What if he is to be wider than he is tall?

      ######
    ##########
      ######
      ######
      ######
        ##
    ##########  
  ##    ##    ##
##      ##      ##
##      ##      ##
        ##
      ######
    ##      ##
    ##      ##
    ##      ##
    ##      ##

He's got a height of 1, but a width of 2.

---

Rules:

• The challenge is to write code to draw your own Sheriff of Code Golf, in the fewest characters possible.
• Use any programming language your heart desires.
• Your code should take two arguments, both of which are integers, for the height and width of the Sheriff.
• The output should be composed of single white spaces for the background, and any other character(s) you choose for the Sheriff. (I've used hashes for the test cases, but it doesn't matter what you use).
• It should be possible for the height to be a negative integer, inverting the image.
• The width can be a negative integer, but because the image is symmetrical, it will be identical to it's positive value.
• Trailing white-spaces are irrelevant.
• If either argument is 0, that dimension is 'flattened' to a single row or column.

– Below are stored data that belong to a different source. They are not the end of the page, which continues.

(* Let $d\ge3$, $N\ge1$, and let the inverse temperature $\beta>0$ be finite. Let $\mathbf p$ be a probability vector on $d$ levels and let $i_1,i_2,i_3$ be distinct levels that are consecutive neighbours in the $\beta$-order of $\mathbf p$: $\pi_{\mathbf p}(i_3)=\pi_{\mathbf p}(i_2)+1=\pi_{\mathbf p}(i_1)+2$. Let $\Pi=\Pi_{i_1i_3}\Pi_{i_2i_3}$, let $\Pi_{\mathbf p}$ be the permutation matrix of $\pi_{\mathbf p}$, let $\pi'$ be the permutation with matrix $\Pi'=\Pi\,\Pi_{\mathbf p}$, and let $\mathbf p^{\pi'}$ be the corresponding extreme point of $C^{\mathrm{TO}}_+(\mathbf p)$. Using an $N$-dimensional memory with trivial Hamiltonian, let $\widetilde{\mathcal P}^{\Pi}=\mathcal T\circ\widetilde{\mathcal P}^{(i_1i_3)}\circ\widetilde{\mathcal P}^{(i_2i_3)}$. Then $$\widetilde{\mathcal P}^{\Pi}(\mathbf p\otimes\boldsymbol\eta_M)=\mathbf q\otimes\boldsymbol\eta_M\quad\text{with}\quad \delta\big(\mathbf q,\mathbf p^{\pi'}\big)\xrightarrow{N\to\infty}0.$$
   Context: Setting: a $d$-level system with energies $E_1,\dots,E_d$ and thermal distribution $\gamma_a=e^{-\beta E_a}/\sum_b e^{-\beta E_b}$; an $N$-dimensional memory with trivial Hamiltonian and thermal state $\boldsymbol\eta_M=(1/N,\dots,1/N)$. Joint states are probability vectors $\mathbf Q$ of length $dN$, entry $(a-1)N+k$ corresponding to system level $a$ and memory level $k$; joint thermal distribution $\Gamma_{(a-1)N+k}=\gamma_a/N$. $\Pi_{ij}$ is the permutation matrix transposing $i,j$. Two-level thermalisation $T_{xy}$: $Q_x\mapsto (Q_x+Q_y)\Gamma_x/(\Gamma_x+\Gamma_y)$, $Q_y\mapsto (Q_x+Q_y)\Gamma_y/(\Gamma_x+\Gamma_y)$, other entries unchanged. Round $\mathcal R^{(ij)}_k$ ($k=1,\dots,N$): apply sequentially, for $l=1,\dots,N$, $T_{(j-1)N+k,\,(i-1)N+l}$. $\widetilde{\mathcal P}^{(ij)}=\mathcal R^{(ij)}_N\circ\cdots\circ\mathcal R^{(ij)}_1$. Memory thermalisation $\mathcal T(\mathbf Q)=\mathbf q\otimes\boldsymbol\eta_M$, $q_a=\sum_kQ_{(a-1)N+k}$. $\beta$-order: $\pi_{\mathbf p}$ is the permutation arranging $(p_1/\gamma_1,\dots,p_d/\gamma_d)$ in non-increasing order, $\pi_{\mathbf p}(a)$ being the position of level $a$; $\Pi_{\mathbf p}$ is its matrix, so $\Pi_{\mathbf p}\mathbf p=(p_{\pi_{\mathbf p}^{-1}(1)},\dots,p_{\pi_{\mathbf p}^{-1}(d)})$. Thermomajorisation curve $f^\beta_{\mathbf p}$: the piecewise linear curve on $[0,1]$ joining $(0,0)$ and the points $\big(\sum_{l=1}^k\gamma_{\pi_{\mathbf p}^{-1}(l)},\sum_{l=1}^kp_{\pi_{\mathbf p}^{-1}(l)}\big)$, $k=1,\dots,d$. $C^{\mathrm{TO}}_+(\mathbf p)$ is the set of $\mathbf q$ with $f^\beta_{\mathbf p}\ge f^\beta_{\mathbf q}$ on $[0,1]$ (states reachable by thermal operations). For a permutation $\pi$ of $\{1,\dots,d\}$ the point $\mathbf p^{\pi}$ is defined by $x_k=\sum_{l=1}^k\gamma_{\pi^{-1}(l)}$, $y_k=f^\beta_{\mathbf p}(x_k)$, $y_0=0$, and $p^{\pi}_a=y_{\pi(a)}-y_{\pi(a)-1}$; these are the extreme points of $C^{\mathrm{TO}}_+(\mathbf p)$. Total variation distance: $\delta(\mathbf p,\mathbf q)=\frac12\sum_a|p_a-q_a|$. *)

theory Defs
  imports "HOL-Analysis.Analysis" "HOL-Combinatorics.Transposition"
begin

text \<open>Levels of the system are 1..d; memory levels are 1..N; joint entries are
  indexed linearly by (a-1)*N+k in 1..d*N, as in the paper.  Vectors are functions
  nat => real, only their values on the relevant index range matter.\<close>

definition gibbs :: "nat \<Rightarrow> real \<Rightarrow> (nat \<Rightarrow> real) \<Rightarrow> nat \<Rightarrow> real" where
  "gibbs d \<beta> E a = exp (- \<beta> * E a) / (\<Sum>b=1..d. exp (- \<beta> * E b))"

definition prob_vec :: "nat \<Rightarrow> (nat \<Rightarrow> real) \<Rightarrow> bool" where
  "prob_vec d p \<longleftrightarrow> (\<forall>a\<in>{1..d}. 0 \<le> p a) \<and> (\<Sum>a=1..d. p a) = 1"

definition jidx :: "nat \<Rightarrow> nat \<Rightarrow> nat \<Rightarrow> nat" where
  "jidx N a k = (a - 1) * N + k"

definition sys_level :: "nat \<Rightarrow> nat \<Rightarrow> nat" where
  "sys_level N x = (x - 1) div N + 1"

definition joint_gibbs :: "nat \<Rightarrow> real \<Rightarrow> (nat \<Rightarrow> real) \<Rightarrow> nat \<Rightarrow> nat \<Rightarrow> real" where
  "joint_gibbs d \<beta> E N x = gibbs d \<beta> E (sys_level N x) / real N"

definition tensor_eta :: "nat \<Rightarrow> nat \<Rightarrow> (nat \<Rightarrow> real) \<Rightarrow> nat \<Rightarrow> real" where
  "tensor_eta d N q x = (if 1 \<le> x \<and> x \<le> d * N then q (sys_level N x) / real N else 0)"

definition therm2 :: "(nat \<Rightarrow> real) \<Rightarrow> nat \<Rightarrow> nat \<Rightarrow> (nat \<Rightarrow> real) \<Rightarrow> nat \<Rightarrow> real" where
  "therm2 G x y Q = Q(x := (Q x + Q y) * G x / (G x + G y),
                      y := (Q x + Q y) * G y / (G x + G y))"

definition round_op :: "(nat \<Rightarrow> real) \<Rightarrow> nat \<Rightarrow> nat \<Rightarrow> nat \<Rightarrow> nat \<Rightarrow> (nat \<Rightarrow> real) \<Rightarrow> nat \<Rightarrow> real" where
  "round_op G N i j k Q = fold (\<lambda>l. therm2 G (jidx N j k) (jidx N i l)) [1..<N+1] Q"

definition swap_protocol :: "(nat \<Rightarrow> real) \<Rightarrow> nat \<Rightarrow> nat \<Rightarrow> nat \<Rightarrow> (nat \<Rightarrow> real) \<Rightarrow> nat \<Rightarrow> real" where
  "swap_protocol G N i j Q = fold (\<lambda>k. round_op G N i j k) [1..<N+1] Q"

definition marginal :: "nat \<Rightarrow> (nat \<Rightarrow> real) \<Rightarrow> nat \<Rightarrow> real" where
  "marginal N Q a = (\<Sum>k=1..N. Q (jidx N a k))"

definition mem_therm :: "nat \<Rightarrow> nat \<Rightarrow> (nat \<Rightarrow> real) \<Rightarrow> nat \<Rightarrow> real" where
  "mem_therm d N Q = tensor_eta d N (marginal N Q)"

text \<open>pi is a beta-order of p: a bijection of {1..d} (level |-> position) arranging
  p_a / gamma_a in non-increasing order\<close>
definition beta_order :: "nat \<Rightarrow> (nat \<Rightarrow> real) \<Rightarrow> (nat \<Rightarrow> real) \<Rightarrow> (nat \<Rightarrow> nat) \<Rightarrow> bool" where
  "beta_order d \<gamma> p \<pi> \<longleftrightarrow> bij_betw \<pi> {1..d} {1..d} \<and>
     (\<forall>a\<in>{1..d}. \<forall>b\<in>{1..d}. \<pi> a < \<pi> b \<longrightarrow> p b / \<gamma> b \<le> p a / \<gamma> a)"

definition cum :: "nat \<Rightarrow> (nat \<Rightarrow> nat) \<Rightarrow> (nat \<Rightarrow> real) \<Rightarrow> nat \<Rightarrow> real" where
  "cum d \<pi> v k = (\<Sum>l=1..k. v (inv_into {1..d} \<pi> l))"

text \<open>thermomajorisation curve f^beta_p: piecewise linear interpolation through (0,0) and
  the points (cum gamma k, cum p k), k = 1..d, built from the beta-order pi of p\<close>
definition thermo_curve :: "nat \<Rightarrow> (nat \<Rightarrow> real) \<Rightarrow> (nat \<Rightarrow> real) \<Rightarrow> (nat \<Rightarrow> nat) \<Rightarrow> real \<Rightarrow> real" where
  "thermo_curve d \<gamma> p \<pi> x =
     (let X = cum d \<pi> \<gamma>; Y = cum d \<pi> p; k = (LEAST k. x \<le> X k) in
      if k = 0 then 0
      else Y (k - 1) + (x - X (k - 1)) * (Y k - Y (k - 1)) / (X k - X (k - 1)))"

definition extreme_point :: "nat \<Rightarrow> (nat \<Rightarrow> real) \<Rightarrow> (nat \<Rightarrow> real) \<Rightarrow> (nat \<Rightarrow> nat) \<Rightarrow> (nat \<Rightarrow> nat) \<Rightarrow> nat \<Rightarrow> real" where
  "extreme_point d \<gamma> p \<pi> \<sigma> a =
     (let y = (\<lambda>k. thermo_curve d \<gamma> p \<pi> (cum d \<sigma> \<gamma> k)) in y (\<sigma> a) - y (\<sigma> a - 1))"

definition tvd :: "nat \<Rightarrow> (nat \<Rightarrow> real) \<Rightarrow> (nat \<Rightarrow> real) \<Rightarrow> real" where
  "tvd d p q = (\<Sum>a=1..d. \<bar>p a - q a\<bar>) / 2"

end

The length of this line is the other argument multiplied by the height, or width of the Sheriff, respectively.
• If both arguments are 0, both lines are 'flattened', leaving a single positive character.
• Not essential, but please include a link to an online interpreter such as tio.run
• The output should be a string, over multiple lines, or output to the console.

---

Test Cases

1 high, 1 wide

    ###
   #####
    ###
    ###
    ###
     #
   #####
  #  #  #
 #   #   #
 #   #   #
     #
    ###
   #   #
   #   #
   #   #
   #   #   

2 high, 1 wide

    ###
    ###
   #####
   #####
    ###
    ###
    ###
    ###
    ###
    ###
     #
     #
   #####
   #####
  #  #  #
  #  #  #
 #   #   #
 #   #   #
 #   #   #
 #   #   #
     #
     #
    ###
    ###
   #   #
   #   #
   #   #
   #   #   
   #   #
   #   #
   #   #
   #   #  

1 high, 2 wide

      ######
    ##########
      ######
      ######
      ######
        ##
    ##########  
  ##    ##    ##
##      ##      ##
##      ##      ##
        ##
      ######
    ##      ##
    ##      ##
    ##      ##
    ##      ##

2 high, 2 wide

      ######
      ######
    ##########
    ##########
      ######
      ######
      ######
      ######
      ######
      ######
        ##
        ##
    ##########  
    ##########  
  ##    ##    ##
  ##    ##    ##
##      ##      ##
##      ##      ##
##      ##      ##
##      ##      ##
        ##
        ##
      ######
      ######
    ##      ##
    ##      ##
    ##      ##
    ##      ##
    ##      ##
    ##      ##
    ##      ##
    ##      ##

-1 high, 1 wide

   #   #
   #   #
   #   #
   #   #   
    ###
     #
 #   #   #
 #   #   #
  #  #  #
   #####
     #
    ###
    ###
    ###
   #####
    ###

1 high, -1 wide

    ###
   #####
    ###
    ###
    ###
     #
   #####
  #  #  #
 #   #   #
 #   #   #
     #
    ###
   #   #
   #   #
   #   #
   #   #   

0 high, 0 wide

#

1 high, 0 wide

#
#
#
#
#
#
#
#
#
#
#
#
#
#
#
#

0 high, 2 wide

##################

---

Have fun, y'all!

Answer 1

JavaScript (ES6), 171 bytes

Takes input in currying syntax (width)(height). Returns an array of strings.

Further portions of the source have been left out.